The goal of the adversary model is to find a better LLM such that it produces a response that is indistinguishable from the master model's p data.

Experiment

SPIN effectively improves benchmark performance

Researchers use HuggingFace Open LLM Leaderboard as Extensive evaluation to prove the effectiveness of SPIN.

In the figure below, the researchers compared the performance of the model fine-tuned by SPIN after 0 to 3 iterations with the base model zephyr-7b-sft-full.

Researchers can observe that SPIN shows significant results in improving model performance by further leveraging the SFT dataset, on which the base model has already been tested Full of fine-tuning.

In iteration 0, the model response was generated from zephyr-7b-sft-full, and the researchers observed an overall improvement of 2.66% in the average score.

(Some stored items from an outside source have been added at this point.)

text \<open>If C commutes with \<theta> in either tensor slot, the definition of C applied inside
  1 \<otimes> - and - \<otimes> 1 shows that the pentagon product equals C \<circ> C \<circ> C \<circ> left_product.\<close>

lemma pentagon_product_long_side:
  assumes C_right: "cmp \<theta> (tA C I) = cmp C \<theta>"
    and C_left: "cmp \<theta> (tA I C) = cmp C \<theta>"
  shows "pentagon_product = cmp C (cmp C (cmp C left_product))"
proof -
  have nat_mid: "cmp (tA I (tA \<theta> I)) (\<alpha> P Q P) = cmp (\<alpha> P P P) (tA (tA I \<theta>) I)"
    using alpha_natural[of I \<theta> I] by simp
  have "pentagon_product = cmp \<theta> (cmp (tA I (cmp \<theta> (cmp (tA I \<theta>) (\<alpha> P P P))))
      (cmp (\<alpha> P Q P) (tA (\<alpha> P P P) I)))"
    unfolding pentagon_product_def by (simp add: tA_id_cmp)
  also have "\<dots> = cmp \<theta> (cmp (tA I (cmp C (cmp \<theta> (tA \<theta> I)))) (cmp (\<alpha> P Q P) (tA (\<alpha> P P P) I)))"
    by (simp only: C_def)
  also have "\<dots> = cmp \<theta> (cmp (tA I C) (cmp (tA I \<theta>) (cmp (tA I (tA \<theta> I))
      (cmp (\<alpha> P Q P) (tA (\<alpha> P P P) I)))))"
    by (simp add: tA_id_cmp)
  also have "\<dots> = cmp C (cmp \<theta> (cmp (tA I \<theta>) (cmp (tA I (tA \<theta> I))
      (cmp (\<alpha> P Q P) (tA (\<alpha> P P P) I)))))"
    using cmp_eq_precomp[OF C_left] by simp
  also have "\<dots> = cmp C (cmp \<theta> (cmp (tA I \<theta>) (cmp (\<alpha> P P P) (cmp (tA (tA I \<theta>) I) (tA (\<alpha> P P P) I)))))"
    using cmp_eq_precomp[OF nat_mid, of "tA (\<alpha> P P P) I"] by simp
  also have "\<dots> = cmp C (cmp C (cmp \<theta> (cmp (tA \<theta> I) (cmp (tA (tA I \<theta>) I) (tA (\<alpha> P P P) I)))))"
    by (subst C_def_precomp) auto
  also have "\<dots> = cmp C (cmp C (cmp \<theta> (tA (cmp \<theta> (cmp (tA I \<theta>) (\<alpha> P P P))) I)))"
    by (simp add: tA_cmp_id)
  also have "\<dots> = cmp C (cmp C (cmp \<theta> (tA (cmp C (cmp \<theta> (tA \<theta> I))) I)))"
    by (simp only: C_def)
  also have "\<dots> = cmp C (cmp C (cmp \<theta> (cmp (tA C I) (cmp (tA \<theta> I) (tA (tA \<theta> I) I)))))"
    by (simp add: tA_cmp_id)
  also have "\<dots> = cmp C (cmp C (cmp C left_product))"
    unfolding left_product_def using cmp_eq_precomp[OF C_right] by simp
  finally show ?thesis .
qed

text \<open>Comparing the two computations and cancelling the isomorphisms left_product and C.\<close>

theorem associator_defect_trivial:
  assumes "iso \<theta>" "iso C"
    and "cmp \<theta> (tA C I) = cmp C \<theta>" "cmp \<theta> (tA I C) = cmp C \<theta>"
  shows "C = I"
proof -
  have "cmp (cmp C (cmp C C)) left_product = cmp C (cmp C (cmp C left_product))"
    by simp
  also have "\<dots> = cmp C (cmp C left_product)"
    using pentagon_product_long_side[OF assms(3,4)] pentagon_product_short_side by (rule subst)
  also have "\<dots> = cmp (cmp C (cmp C I)) left_product"
    by simp
  finally have "cmp C (cmp C C) = cmp C (cmp C I)"
    by (rule iso_cancel_right[OF iso_left_product[OF assms(1)], rotated -1]) simp_all
  then have "cmp C C = cmp C I"
    by (rule iso_cancel_left[OF assms(2), rotated -1]) simp_all
  then show ?thesis
    by (rule iso_cancel_left[OF assms(2), rotated -1]) simp_all
qed

end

This improvement is particularly noticeable on the TruthfulQA and GSM8k benchmarks, with increases of more than 5% and 10% respectively.

In Iteration 1, the researchers employed the LLM model from Iteration 0 to generate new responses for SPIN, following the process outlined in Algorithm 1.

This iteration produces a further enhancement of 1.32% on average, which is particularly significant on the Arc Challenge and TruthfulQA benchmarks.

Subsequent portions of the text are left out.